# Air intake hose (into turbo) needed - Found



## Kegsy (Nov 19, 2020)

Hello,

apologies if this is the wrong place. I am looking for the air intake hose that goes into the turbo it’s a wee c shaped hose. Sorry for being so vague but I can’t see find the part number or a picture of it.

I own a 2010 Cruze vcdi 2 litre.

Thank you for your help.

Chris


----------



## carbon02 (Feb 25, 2011)

I'm not sure if the 2.0L Diesel for the GEN1 cruze built in North America is the same 2.0L diesel used in the global part of the world. The 2.0L diesel was a low number produced car here in the states, and it required urea, which GM had problems with, and it costs a small fortune to replace that system. 

I'd suggest you put a post over in the GEN1 Diesel 2.0L engine area, and see where people are getting parts for that engine. I think it was designed in Europe, guessing your a lot closer to parts than we are here in the states. Even here they will be really expensive for car parts, as I think it's probably imported from Germany I think?.


----------



## Kegsy (Nov 19, 2020)

carbon02 said:


> I'm not sure if the 2.0L Diesel for the GEN1 cruze built in North America is the same 2.0L diesel used in the global part of the world. The 2.0L diesel was a low number produced car here in the states, and it required urea, which GM had problems with, and it costs a small fortune to replace that system.
> 
> I'd suggest you put a post over in the GEN1 Diesel 2.0L engine area, and see where people are getting parts for that engine. I think it was designed in Europe, guessing your a lot closer to parts than we are here in the states. Even here they will be really expensive for car parts, as I think it's probably imported from Germany I think?.
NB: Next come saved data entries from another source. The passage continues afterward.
(* Let ${\mathcal{X}}:=(\mathbb{S}^2)^d$ and ${\mathcal{K}}:=(\mathbb{S}^2_+)^d$. Fix $\eta>0$, $\beta\in[0,1)$ and $\lambda_{\max}=\lambda_1\ge\lambda_2\ge\cdots\ge\lambda_d>0$. Define the linear operator ${\mathcal{T}}:{\mathcal{X}}\to{\mathcal{X}}$ blockwise by \[ ({\mathcal{T}}({\bm{W}}))_i={\bm{A}}_i{\bm{W}}_i{\bm{A}}_i^\top+\eta^2\Bigl(\lambda_i^2({\bm{W}}_i)_{11}+\sum_{j=1}^d\lambda_j^2({\bm{W}}_j)_{11}\Bigr){\bm{Q}},\quad i=1,\ldots,d, \] with ${\bm{A}}_i=\begin{bmatrix}1-\eta\lambda_i&-\beta\\ \eta\lambda_i&\beta\end{bmatrix}$, ${\bm{Q}}=\begin{bmatrix}1&-1\\-1&1\end{bmatrix}$, and define $S(\eta,\beta):=\sum_{i=1}^d\frac{\eta\lambda_i}{2(1-\beta)\left(1-\frac{\eta\lambda_i}{1-\beta^2}\right)}$. Then: (a) ${\mathcal{T}}({\mathcal{K}})\subseteq{\mathcal{K}}$; moreover ${\mathcal{T}}$ has an eigenvalue equal to its spectral radius $\rho({\mathcal{T}})$ with an associated eigenvector ${\bm{W}}^\star=({\bm{W}}_1^\star,\ldots,{\bm{W}}_d^\star)\in{\mathcal{K}}\setminus\{{\bm{0}}\}$, and $\rho({\mathcal{T}})\ge\eta^2\sum_{i=1}^d\lambda_i^2>0$ and $\sum_{i=1}^d({\bm{W}}_i^\star)_{11}>0$. (b) $\rho({\mathcal{T}})=1$ if and only if $\eta\lambda_{\max}<1-\beta^2$ and $S(\eta,\beta)=1$. (c) $\rho({\mathcal{T}})<1$ if and only if $\eta\lambda_{\max}<1-\beta^2$ and $S(\eta,\beta)<1$.
   Context: $\mathbb{S}^2$ denotes the space of real symmetric $2\times2$ matrices and $\mathbb{S}^2_+$ the cone of positive semidefinite ones; $\rho(\cdot)$ denotes spectral radius. *)

theory Defs
  imports "HOL-Analysis.Analysis"
begin

text \<open>A 2x2 matrix given by its entries; index 1 is the first row/column,
  the other element of type 2 is the second.\<close>
definition mat2 :: "'a \<Rightarrow> 'a \<Rightarrow> 'a \<Rightarrow> 'a \<Rightarrow> 'a^2^2" where
  "mat2 a b c e = (\<chi> i j. if i = 1 then (if j = 1 then a else b) else (if j = 1 then c else e))"

definition smult2 :: "'a::times \<Rightarrow> 'a^2^2 \<Rightarrow> 'a^2^2" where
  "smult2 c M = (\<chi> i j. c * M $ i $ j)"

definition Amat :: "real \<Rightarrow> real \<Rightarrow> real \<Rightarrow> 'a::{comm_ring_1,real_algebra_1}^2^2" where
  "Amat \<eta> \<beta> l = mat2 (of_real (1 - \<eta> * l)) (of_real (- \<beta>)) (of_real (\<eta> * l)) (of_real \<beta>)"

definition Qmat :: "'a::comm_ring_1^2^2" where
  "Qmat = mat2 1 (-1) (-1) 1"

text \<open>The operator T on d-tuples of 2x2 matrices, tuples indexed by 1..d
  (blocks outside 1..d are 0). Defined over real and complex scalars
  (the complex version is the complexification used for the spectral radius).\<close>
definition T_op :: "real \<Rightarrow> real \<Rightarrow> nat \<Rightarrow> (nat \<Rightarrow> real) \<Rightarrow>
    (nat \<Rightarrow> 'a::{comm_ring_1,real_algebra_1}^2^2) \<Rightarrow> nat \<Rightarrow> 'a^2^2" where
  "T_op \<eta> \<beta> d lam W = (\<lambda>i. if i \<in> {1..d} then
      Amat \<eta> \<beta> (lam i) ** W i ** transpose (Amat \<eta> \<beta> (lam i))
      + smult2 (of_real (\<eta>^2) * (of_real ((lam i)^2) * W i $ 1 $ 1
                 + (\<Sum>j=1..d. of_real ((lam j)^2) * W j $ 1 $ 1))) Qmat
    else 0)"

definition sym_space :: "nat \<Rightarrow> (nat \<Rightarrow> 'a::zero^2^2) set" where
  "sym_space d = {W. \<forall>i. transpose (W i) = W i \<and> (i \<notin> {1..d} \<longrightarrow> W i = 0)}"

definition psd_cone :: "nat \<Rightarrow> (nat \<Rightarrow> real^2^2) set" where
  "psd_cone d = {W. W \<in> sym_space d \<and> (\<forall>i x. 0 \<le> x \<bullet> (W i *v x))}"

definition spectral_radius_T :: "real \<Rightarrow> real \<Rightarrow> nat \<Rightarrow> (nat \<Rightarrow> real) \<Rightarrow> real" where
  "spectral_radius_T \<eta> \<beta> d lam = Sup {cmod \<mu> | \<mu>. \<exists>W :: nat \<Rightarrow> complex^2^2.
      W \<in> sym_space d \<and> (\<exists>i. W i \<noteq> 0) \<and> T_op \<eta> \<beta> d lam W = (\<lambda>i. smult2 \<mu> (W i))}"

definition S_fun :: "real \<Rightarrow> real \<Rightarrow> nat \<Rightarrow> (nat \<Rightarrow> real) \<Rightarrow> real" where
  "S_fun \<eta> \<beta> d lam = (\<Sum>i=1..d. \<eta> * lam i / (2 * (1 - \<beta>) * (1 - \<eta> * lam i / (1 - \<beta>^2))))"

end

theory Submission
  imports Defs
begin

text \<open>
  Each block of \<open>T\<close> is a congruence \<open>W \<mapsto> A W A\<^sup>T\<close> plus a nonnegative multiple of the
  positive semidefinite matrix \<open>Q\<close>, so \<open>T\<close> maps the cone into itself.  Its Perron eigenvector can be
  written down: for \<open>\<mu> > \<beta>\<close> there is a one-parameter family of symmetric matrices that
  \<open>W \<mapsto> A W A\<^sup>T + c Q\<close> maps to \<open>\<mu>\<close> times themselves, for \<open>c\<close> proportional to their (1,1)
  entry.  Matching the coupling term \<open>\<Sum>\<^sub>j \<lambda>\<^sub>j\<^sup>2 (W\<^sub>j)\<^sub>1\<^sub>1\<close> across the blocks leaves a scalar
  secular equation in \<open>\<mu>\<close> whose left-hand side is strictly decreasing; its root \<open>r\<close> has a
  positive definite eigenvector.  Domination by an interior eigenvector of a cone-preserving
  map forces \<open>|\<mu>| \<le> r\<close> for every eigenvalue, so \<open>r = \<rho>(T)\<close>.  At \<open>\<mu> = 1\<close> the secular
  function equals \<open>S(\<eta>, \<beta>)\<close>, and monotonicity compares \<open>r\<close> with 1.
\<close>

section \<open>Real 2x2 matrices\<close>

lemma mat2_nth [simp]:
  "mat2 a b c e $ 1 $ 1 = a" "mat2 a b c e $ 1 $ 2 = b"
  "mat2 a b c e $ 2 $ 1 = c" "mat2 a b c e $ 2 $ 2 = e"
  by (simp_all add: mat2_def)

lemma mat2_eq_iff:
  "(M :: 'a^2^2) = N \<longleftrightarrow> M$1$1 = N$1$1 \<and> M$1$2 = N$1$2 \<and> M$2$1 = N$2$1 \<and> M$2$2 = N$2$2"
  by (auto simp: vec_eq_iff forall_2)

lemma transpose_nth [simp]: "transpose A $ i $ j = A $ j $ i"
  by (simp add: transpose_def)

lemma smult2_nth [simp]: "smult2 c M $ i $ j = c * M $ i $ j"
  by (simp add: smult2_def)

lemma matrix_mult_2_nth:
  "((A :: 'a::comm_semiring_1^2^2) ** B) $ i $ j = A$i$1 * B$1$j + A$i$2 * B$2$j"
  by (simp add: matrix_matrix_mult_def sum_2)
Thanks for the reply Carbon02 I will do that. It does certainly seem hard to get parts, my garage where trying and we both spent about half an hour on his pc looking for the part we need. We found the air intake hose which I need it’s just the small bit that connects to the turbo that is proving tricky!


----------



## Blasirl (Mar 31, 2015)

Kegsy said:


> Hello,
> 
> apologies if this is the wrong place. I am looking for the air intake hose that goes into the turbo it’s a wee c shaped hose. Sorry for being so vague but I can’t see find the part number or a picture of it.
> 
> ...


Welcome Aboard!

Take a picture of the part and a another of the general location.

Don't forget to introduce yourself and your Cruze here.


----------



## Kegsy (Nov 19, 2020)

Blasirl said:


> Welcome Aboard!
> 
> Take a picture of the part and a another of the general location.
> 
> Don't forget to introduce yourself and your Cruze here.
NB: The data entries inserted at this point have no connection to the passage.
lemma contract_eq_map_edges:
  assumes gr: "graph W F" and ab: "{a, b} \<in> F"
  defines "h \<equiv> \<lambda>z. if z = b then a else z"
  shows "contract (W, F) a b = (h ` W, map_edges h F)"
proof -
  have abW: "a \<noteq> b" "a \<in> W" using graph_edgeD[OF gr ab] by auto
  have "W - {b} = h ` W" using abW by (auto simp: h_def)
  moreover have "{e \<in> F. b \<notin> e} \<union> {{a, w} | w. {b, w} \<in> F \<and> w \<noteq> a} = map_edges h F"
  proof (intro equalityI subsetI)
    fix e assume "e \<in> {e \<in> F. b \<notin> e} \<union> {{a, w} | w. {b, w} \<in> F \<and> w \<noteq> a}"
    then consider "e \<in> F" "b \<notin> e" | w where "e = {a, w}" "{b, w} \<in> F" "w \<noteq> a" by blast
    then show "e \<in> map_edges h F"
    proof cases
      case 1
      then obtain p q where "e = {p, q}" "p \<noteq> q" using gr unfolding graph_def by blast
      with 1 show ?thesis using map_edgesI[of p q F h] by (auto simp: h_def)
    next
      case 2
      then have "w \<noteq> b" using graph_edgeD[OF gr] by blast
      with 2 show ?thesis using map_edgesI[of b w F h] by (auto simp: h_def)
    qed
  next
    fix e assume "e \<in> map_edges h F"
    then obtain p q where e: "e = {h p, h q}" "{p, q} \<in> F" "h p \<noteq> h q"
      by (auto simp: map_edges_def)
    have "p \<noteq> q" using graph_edgeD[OF gr e(2)] by blast
    then consider "p = b" | "q = b" | "p \<noteq> b" "q \<noteq> b" by blast
    then show "e \<in> {e \<in> F. b \<notin> e} \<union> {{a, w} | w. {b, w} \<in> F \<and> w \<noteq> a}"
    proof cases
      case 1
      then show ?thesis using e \<open>p \<noteq> q\<close> by (auto simp: h_def split: if_splits)
    next
      case 2
      then have "{b, p} \<in> F" using e(2) by (simp add: insert_commute)
      then show ?thesis using e 2 \<open>p \<noteq> q\<close> by (auto simp: h_def insert_commute split: if_splits)
    qed (use e in \<open>auto simp: h_def\<close>)
  qed
  ultimately show ?thesis by (simp add: contract_def)
qed

lemma exact_model_singletons_isomorphic:
  assumes gV: "graph V E" and model: "exact_model V E W F X"
    and singletons: "\<And>v a b. v \<in> V \<Longrightarrow> a \<in> X v \<Longrightarrow> b \<in> X v \<Longrightarrow> a = b"
  shows "isomorphic V E W F"
proof -
  define g where "g v = (SOME a. a \<in> X v)" for v
  have gr: "graph W F" and cov: "\<Union>(X ` V) = W"
    and disj: "\<And>u v. u \<in> V \<Longrightarrow> v \<in> V \<Longrightarrow> u \<noteq> v \<Longrightarrow> X u \<inter> X v = {}"
    using model by (auto simp: exact_model_def)
  have Xg: "X v = {g v}" if "v \<in> V" for v
  proof -
    have "X v \<noteq> {}" using model that by (simp add: exact_model_def)
    then have "g v \<in> X v" unfolding g_def by (simp add: some_in_eq)
    then show ?thesis using singletons that by blast
  qed
  have "bij_betw g V W"
    unfolding bij_betw_def inj_on_def using disj Xg cov by fastforce
  moreover have "{u, v} \<in> E \<longleftrightarrow> {g u, g v} \<in> F" if u: "u \<in> V" and v: "v \<in> V" for u v
  proof (cases "u = v")
    case True
    then show ?thesis using graph_edgeD[OF gV, of u u] graph_edgeD[OF gr, of "g u" "g u"] by auto
  next
    case False
    then have "(\<exists>p\<in>X u. \<exists>q\<in>X v. {p, q} \<in> F) \<longleftrightarrow> {u, v} \<in> E"
      using model u v by (simp add: exact_model_def)
    then show ?thesis using Xg[OF u] Xg[OF v] by simp
  qed
  ultimately show ?thesis unfolding isomorphic_def by blast
qed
Thank you for the reply Blasirl, thank you for the welcome.

I’ve attached the pictures below. It’s the last one that I need it’s like a small ribbed rubber hose that goes into the turbo and attached by a jubilee clip on each end.


----------



## revjpeterson (Oct 2, 2013)

From what I can see in your photos, it looks like that might be the "other" 2.0L (the one with the timing chain) and not the one used in the US (the one with the timing belt). At least the engine cover and charge pipe are definitely different than ours. When I was doing my last oil change, I discovered my intake duct was cracked in several of the ridges. I looked around and found the intake duct was part number 23287054, but the expense and sparse availability led me to replacing it with an AEM cold air intake instead. https://smile.amazon.com/AEM-21-741...coding=UTF8&psc=1&refRID=1S0HQ2NEYT29TFPGXQZB That may or not be the same GM part you're in need of, but I imagine whether it's the same one or a different design, you'll have the same issue with expense and availability.


----------



## Kegsy (Nov 19, 2020)

Thanks for your reply rev, after a lot of searching I managed to finally find it on eBay of all the places. I think the model I have wasn’t a very popular one which makes it even harder to find parts. If you are interested the link to the part I needed is below.









CHEVROLET CRUZE GM 13260850 Luftfilterschlauch / AIR FILTER HOSE | eBay


GM 13260850 CHEVROLET CRUZE Luftfilterschl. GM 13260850. auch / AIR FILTER HOSE. TURBO INTERCOOLER HOSE FITS.



www.ebay.co.uk


----------



## Blasirl (Mar 31, 2015)

Kegsy said:


> Thanks for your reply rev, after a lot of searching I managed to finally find it on eBay of all the places. I think the model I have wasn’t a very popular one which makes it even harder to find parts. If you are interested the link to the part I needed is below.
> 
> 
> 
> ...


Thanks for the follow-up


----------